Task details
Below are some records. Return exactly the lines from the one with "(\<forall>A\<in>K. \<forall>F. (\<forall>g\<in>A." to the one with "text \<open>", and nothing else.

Task material

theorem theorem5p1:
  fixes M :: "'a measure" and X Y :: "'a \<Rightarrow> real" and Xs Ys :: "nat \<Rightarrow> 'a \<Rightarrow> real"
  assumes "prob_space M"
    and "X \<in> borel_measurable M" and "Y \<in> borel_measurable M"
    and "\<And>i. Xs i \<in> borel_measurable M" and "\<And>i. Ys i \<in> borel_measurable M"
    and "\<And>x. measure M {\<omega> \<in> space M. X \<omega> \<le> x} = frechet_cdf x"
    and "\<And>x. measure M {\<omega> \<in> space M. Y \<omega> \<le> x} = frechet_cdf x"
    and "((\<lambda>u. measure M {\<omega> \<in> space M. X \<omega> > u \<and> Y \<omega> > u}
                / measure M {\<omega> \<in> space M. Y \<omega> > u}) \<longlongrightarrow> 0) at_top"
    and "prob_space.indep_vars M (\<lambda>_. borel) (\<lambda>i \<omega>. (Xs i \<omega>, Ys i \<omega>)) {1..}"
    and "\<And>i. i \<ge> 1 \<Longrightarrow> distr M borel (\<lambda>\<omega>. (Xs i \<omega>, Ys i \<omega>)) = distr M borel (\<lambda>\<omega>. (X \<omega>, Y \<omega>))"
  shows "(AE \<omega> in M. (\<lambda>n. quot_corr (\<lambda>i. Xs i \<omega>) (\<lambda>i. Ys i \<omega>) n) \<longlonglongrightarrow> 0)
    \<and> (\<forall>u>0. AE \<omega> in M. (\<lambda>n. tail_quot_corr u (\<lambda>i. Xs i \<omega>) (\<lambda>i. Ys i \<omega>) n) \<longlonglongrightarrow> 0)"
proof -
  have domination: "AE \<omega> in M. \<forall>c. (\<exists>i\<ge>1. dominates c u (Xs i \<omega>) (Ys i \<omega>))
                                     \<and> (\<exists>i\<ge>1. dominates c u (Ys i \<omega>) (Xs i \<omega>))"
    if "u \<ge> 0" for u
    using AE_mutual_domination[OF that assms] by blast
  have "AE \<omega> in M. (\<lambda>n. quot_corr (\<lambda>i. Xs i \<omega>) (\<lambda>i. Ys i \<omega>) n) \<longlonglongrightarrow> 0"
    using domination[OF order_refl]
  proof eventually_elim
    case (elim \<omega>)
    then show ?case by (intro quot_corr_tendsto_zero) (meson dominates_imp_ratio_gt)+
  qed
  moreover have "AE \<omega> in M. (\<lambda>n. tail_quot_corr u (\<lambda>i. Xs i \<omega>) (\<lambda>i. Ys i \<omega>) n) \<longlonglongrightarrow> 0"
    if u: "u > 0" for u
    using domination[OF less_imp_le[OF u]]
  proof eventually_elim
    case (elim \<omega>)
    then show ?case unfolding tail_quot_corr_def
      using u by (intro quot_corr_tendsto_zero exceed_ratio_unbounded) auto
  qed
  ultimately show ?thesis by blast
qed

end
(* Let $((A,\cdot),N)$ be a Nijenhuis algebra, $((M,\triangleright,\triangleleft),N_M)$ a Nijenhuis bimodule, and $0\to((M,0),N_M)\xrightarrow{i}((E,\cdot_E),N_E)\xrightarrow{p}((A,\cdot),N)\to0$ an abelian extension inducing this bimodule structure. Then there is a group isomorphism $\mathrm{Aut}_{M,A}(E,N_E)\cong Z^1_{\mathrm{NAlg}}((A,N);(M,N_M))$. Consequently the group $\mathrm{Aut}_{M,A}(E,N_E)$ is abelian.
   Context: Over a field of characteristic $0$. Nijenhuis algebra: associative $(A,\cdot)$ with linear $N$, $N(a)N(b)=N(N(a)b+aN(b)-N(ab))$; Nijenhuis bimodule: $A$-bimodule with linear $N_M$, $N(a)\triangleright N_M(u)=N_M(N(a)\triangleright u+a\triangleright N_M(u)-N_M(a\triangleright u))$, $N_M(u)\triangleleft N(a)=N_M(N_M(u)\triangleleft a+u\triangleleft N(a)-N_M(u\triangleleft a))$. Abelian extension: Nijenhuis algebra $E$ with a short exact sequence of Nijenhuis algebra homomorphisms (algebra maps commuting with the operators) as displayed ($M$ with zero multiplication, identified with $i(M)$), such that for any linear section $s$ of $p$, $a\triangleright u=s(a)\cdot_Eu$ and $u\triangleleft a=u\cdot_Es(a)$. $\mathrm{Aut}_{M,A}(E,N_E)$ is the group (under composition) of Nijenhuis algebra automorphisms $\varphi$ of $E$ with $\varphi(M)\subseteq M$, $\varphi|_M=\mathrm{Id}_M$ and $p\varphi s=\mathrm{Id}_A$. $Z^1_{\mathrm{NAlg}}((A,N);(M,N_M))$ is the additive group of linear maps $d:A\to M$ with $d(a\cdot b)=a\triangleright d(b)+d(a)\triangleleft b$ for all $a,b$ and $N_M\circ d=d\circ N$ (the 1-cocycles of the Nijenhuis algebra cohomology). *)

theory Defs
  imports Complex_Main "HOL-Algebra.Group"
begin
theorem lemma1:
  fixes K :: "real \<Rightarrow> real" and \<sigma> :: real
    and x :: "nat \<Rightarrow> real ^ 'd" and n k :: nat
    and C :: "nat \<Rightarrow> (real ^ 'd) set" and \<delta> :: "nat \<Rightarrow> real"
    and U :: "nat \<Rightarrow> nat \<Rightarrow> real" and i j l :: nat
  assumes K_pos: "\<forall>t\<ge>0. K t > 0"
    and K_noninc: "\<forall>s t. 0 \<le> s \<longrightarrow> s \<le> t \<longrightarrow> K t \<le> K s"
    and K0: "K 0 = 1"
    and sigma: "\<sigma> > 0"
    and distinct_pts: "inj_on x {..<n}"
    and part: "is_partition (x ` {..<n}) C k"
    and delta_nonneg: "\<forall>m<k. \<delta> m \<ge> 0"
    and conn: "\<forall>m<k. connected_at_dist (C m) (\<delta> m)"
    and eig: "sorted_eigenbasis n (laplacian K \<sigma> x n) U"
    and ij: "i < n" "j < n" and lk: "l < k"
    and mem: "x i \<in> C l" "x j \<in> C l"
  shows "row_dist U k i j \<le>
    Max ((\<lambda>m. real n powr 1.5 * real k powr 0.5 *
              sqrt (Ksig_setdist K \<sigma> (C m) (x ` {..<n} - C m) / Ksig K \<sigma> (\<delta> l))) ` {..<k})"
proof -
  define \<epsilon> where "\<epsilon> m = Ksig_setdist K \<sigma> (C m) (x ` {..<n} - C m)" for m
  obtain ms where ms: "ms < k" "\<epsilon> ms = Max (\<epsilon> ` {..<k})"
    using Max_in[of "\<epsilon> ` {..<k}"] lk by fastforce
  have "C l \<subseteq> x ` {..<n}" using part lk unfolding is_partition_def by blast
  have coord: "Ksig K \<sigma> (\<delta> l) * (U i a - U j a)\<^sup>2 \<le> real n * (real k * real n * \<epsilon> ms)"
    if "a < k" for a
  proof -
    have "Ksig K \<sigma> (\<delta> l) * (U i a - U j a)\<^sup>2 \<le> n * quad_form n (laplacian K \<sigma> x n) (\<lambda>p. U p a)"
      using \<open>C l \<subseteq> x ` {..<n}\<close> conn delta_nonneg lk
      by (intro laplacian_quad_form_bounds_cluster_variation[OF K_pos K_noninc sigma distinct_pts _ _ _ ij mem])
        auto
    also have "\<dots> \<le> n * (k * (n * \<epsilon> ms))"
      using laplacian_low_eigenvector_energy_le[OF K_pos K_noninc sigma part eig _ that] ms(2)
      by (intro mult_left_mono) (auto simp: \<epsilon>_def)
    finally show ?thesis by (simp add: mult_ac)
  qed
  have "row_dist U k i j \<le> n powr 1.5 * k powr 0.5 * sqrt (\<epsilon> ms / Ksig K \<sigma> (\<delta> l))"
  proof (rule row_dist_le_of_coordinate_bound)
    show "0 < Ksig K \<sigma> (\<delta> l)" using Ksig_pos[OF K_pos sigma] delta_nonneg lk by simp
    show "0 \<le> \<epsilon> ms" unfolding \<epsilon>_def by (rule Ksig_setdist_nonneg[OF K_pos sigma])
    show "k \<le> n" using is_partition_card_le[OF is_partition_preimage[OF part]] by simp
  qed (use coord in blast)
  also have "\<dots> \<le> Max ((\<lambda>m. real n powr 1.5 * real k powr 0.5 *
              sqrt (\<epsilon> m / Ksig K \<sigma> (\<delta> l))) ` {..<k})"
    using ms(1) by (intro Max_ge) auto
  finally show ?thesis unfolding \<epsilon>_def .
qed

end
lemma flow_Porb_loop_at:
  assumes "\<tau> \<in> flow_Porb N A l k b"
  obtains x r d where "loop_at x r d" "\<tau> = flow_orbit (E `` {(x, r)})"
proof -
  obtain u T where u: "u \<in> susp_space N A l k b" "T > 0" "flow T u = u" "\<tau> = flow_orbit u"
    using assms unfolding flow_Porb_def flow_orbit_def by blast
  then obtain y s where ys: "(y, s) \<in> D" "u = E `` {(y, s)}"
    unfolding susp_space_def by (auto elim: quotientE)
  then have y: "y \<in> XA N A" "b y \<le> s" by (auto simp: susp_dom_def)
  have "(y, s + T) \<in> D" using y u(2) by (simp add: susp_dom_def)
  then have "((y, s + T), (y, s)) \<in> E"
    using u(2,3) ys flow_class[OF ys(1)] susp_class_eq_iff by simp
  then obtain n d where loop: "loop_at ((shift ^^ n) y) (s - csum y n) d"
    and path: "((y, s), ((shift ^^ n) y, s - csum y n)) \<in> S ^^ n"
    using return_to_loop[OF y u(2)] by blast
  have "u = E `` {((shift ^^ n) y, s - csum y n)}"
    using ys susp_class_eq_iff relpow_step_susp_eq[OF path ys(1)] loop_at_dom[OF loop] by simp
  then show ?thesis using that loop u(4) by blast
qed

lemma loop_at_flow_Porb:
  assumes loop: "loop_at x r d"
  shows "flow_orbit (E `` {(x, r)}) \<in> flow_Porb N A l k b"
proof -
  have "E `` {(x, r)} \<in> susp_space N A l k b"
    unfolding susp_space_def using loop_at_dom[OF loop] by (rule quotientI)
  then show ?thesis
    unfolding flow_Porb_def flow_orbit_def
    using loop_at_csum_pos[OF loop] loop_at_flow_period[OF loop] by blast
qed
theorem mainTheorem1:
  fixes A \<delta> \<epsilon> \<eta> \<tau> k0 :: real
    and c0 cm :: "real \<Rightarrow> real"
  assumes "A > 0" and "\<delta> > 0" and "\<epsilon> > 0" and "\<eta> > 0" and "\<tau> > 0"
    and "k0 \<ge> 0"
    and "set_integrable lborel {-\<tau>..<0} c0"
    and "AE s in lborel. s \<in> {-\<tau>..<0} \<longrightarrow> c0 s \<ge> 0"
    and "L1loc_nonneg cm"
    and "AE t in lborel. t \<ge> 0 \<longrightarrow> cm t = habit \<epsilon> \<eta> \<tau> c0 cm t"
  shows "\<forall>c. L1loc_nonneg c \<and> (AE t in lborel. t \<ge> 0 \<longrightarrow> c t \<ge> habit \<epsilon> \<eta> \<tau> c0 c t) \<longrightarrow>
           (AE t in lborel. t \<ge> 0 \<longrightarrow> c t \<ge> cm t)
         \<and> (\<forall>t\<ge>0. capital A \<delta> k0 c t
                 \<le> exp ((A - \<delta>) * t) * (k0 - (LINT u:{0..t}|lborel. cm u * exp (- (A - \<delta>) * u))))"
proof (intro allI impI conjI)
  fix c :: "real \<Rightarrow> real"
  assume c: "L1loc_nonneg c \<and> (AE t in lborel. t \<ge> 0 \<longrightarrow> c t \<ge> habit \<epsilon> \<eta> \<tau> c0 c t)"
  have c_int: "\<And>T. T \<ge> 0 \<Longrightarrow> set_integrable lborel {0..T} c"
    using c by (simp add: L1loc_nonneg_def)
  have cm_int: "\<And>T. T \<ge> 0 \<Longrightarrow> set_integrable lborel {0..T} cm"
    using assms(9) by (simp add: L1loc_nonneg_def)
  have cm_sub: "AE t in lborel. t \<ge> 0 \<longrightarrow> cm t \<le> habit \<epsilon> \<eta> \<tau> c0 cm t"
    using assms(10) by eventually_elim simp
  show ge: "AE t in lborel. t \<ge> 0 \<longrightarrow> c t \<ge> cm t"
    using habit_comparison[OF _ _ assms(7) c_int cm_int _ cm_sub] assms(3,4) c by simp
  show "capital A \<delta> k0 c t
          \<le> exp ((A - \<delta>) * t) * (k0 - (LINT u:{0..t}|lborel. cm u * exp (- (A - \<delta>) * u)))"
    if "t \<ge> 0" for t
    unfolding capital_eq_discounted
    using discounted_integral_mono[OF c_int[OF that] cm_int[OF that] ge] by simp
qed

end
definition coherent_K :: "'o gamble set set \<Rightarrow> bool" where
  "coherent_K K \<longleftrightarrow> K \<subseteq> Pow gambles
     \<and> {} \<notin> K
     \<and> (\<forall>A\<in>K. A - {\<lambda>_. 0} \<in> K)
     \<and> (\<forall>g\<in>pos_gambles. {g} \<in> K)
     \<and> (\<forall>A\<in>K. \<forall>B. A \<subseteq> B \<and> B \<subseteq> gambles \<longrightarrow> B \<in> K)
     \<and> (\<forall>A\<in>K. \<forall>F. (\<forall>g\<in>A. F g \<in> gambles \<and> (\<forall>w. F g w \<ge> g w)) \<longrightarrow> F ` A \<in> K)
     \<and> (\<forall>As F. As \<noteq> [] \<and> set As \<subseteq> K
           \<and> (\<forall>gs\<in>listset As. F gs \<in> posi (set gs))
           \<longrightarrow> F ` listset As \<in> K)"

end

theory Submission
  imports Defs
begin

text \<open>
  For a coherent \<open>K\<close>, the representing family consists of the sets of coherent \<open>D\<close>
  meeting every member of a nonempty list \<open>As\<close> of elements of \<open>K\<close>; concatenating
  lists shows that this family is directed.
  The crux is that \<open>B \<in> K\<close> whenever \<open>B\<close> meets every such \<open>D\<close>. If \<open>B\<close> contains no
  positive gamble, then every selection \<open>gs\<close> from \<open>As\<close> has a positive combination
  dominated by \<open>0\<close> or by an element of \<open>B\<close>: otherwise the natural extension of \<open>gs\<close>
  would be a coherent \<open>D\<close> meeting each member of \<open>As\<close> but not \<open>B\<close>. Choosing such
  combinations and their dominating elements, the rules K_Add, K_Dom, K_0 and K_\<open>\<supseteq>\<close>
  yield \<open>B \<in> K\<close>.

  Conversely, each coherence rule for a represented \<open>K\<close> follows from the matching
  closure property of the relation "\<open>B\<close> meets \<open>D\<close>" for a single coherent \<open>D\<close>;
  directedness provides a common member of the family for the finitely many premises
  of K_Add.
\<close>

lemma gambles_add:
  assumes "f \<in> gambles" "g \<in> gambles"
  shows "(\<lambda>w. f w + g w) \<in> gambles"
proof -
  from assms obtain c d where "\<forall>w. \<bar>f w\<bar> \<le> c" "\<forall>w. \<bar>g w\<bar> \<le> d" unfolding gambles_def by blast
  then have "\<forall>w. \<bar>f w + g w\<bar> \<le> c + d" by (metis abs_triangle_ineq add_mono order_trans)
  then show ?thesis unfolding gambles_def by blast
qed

Written response
     \<and> (\<forall>A\<in>K. \<forall>F. (\<forall>g\<in>A. F g \<in> gambles \<and> (\<forall>w. F g w \<ge> g w)) \<longrightarrow> F ` A \<in> K)
     \<and> (\<forall>As F. As \<noteq> [] \<and> set As \<subseteq> K
           \<and> (\<forall>gs\<in>listset As. F gs \<in> posi (set gs))
           \<longrightarrow> F ` listset As \<in> K)"

end

theory Submission
  imports Defs
begin

text \<open>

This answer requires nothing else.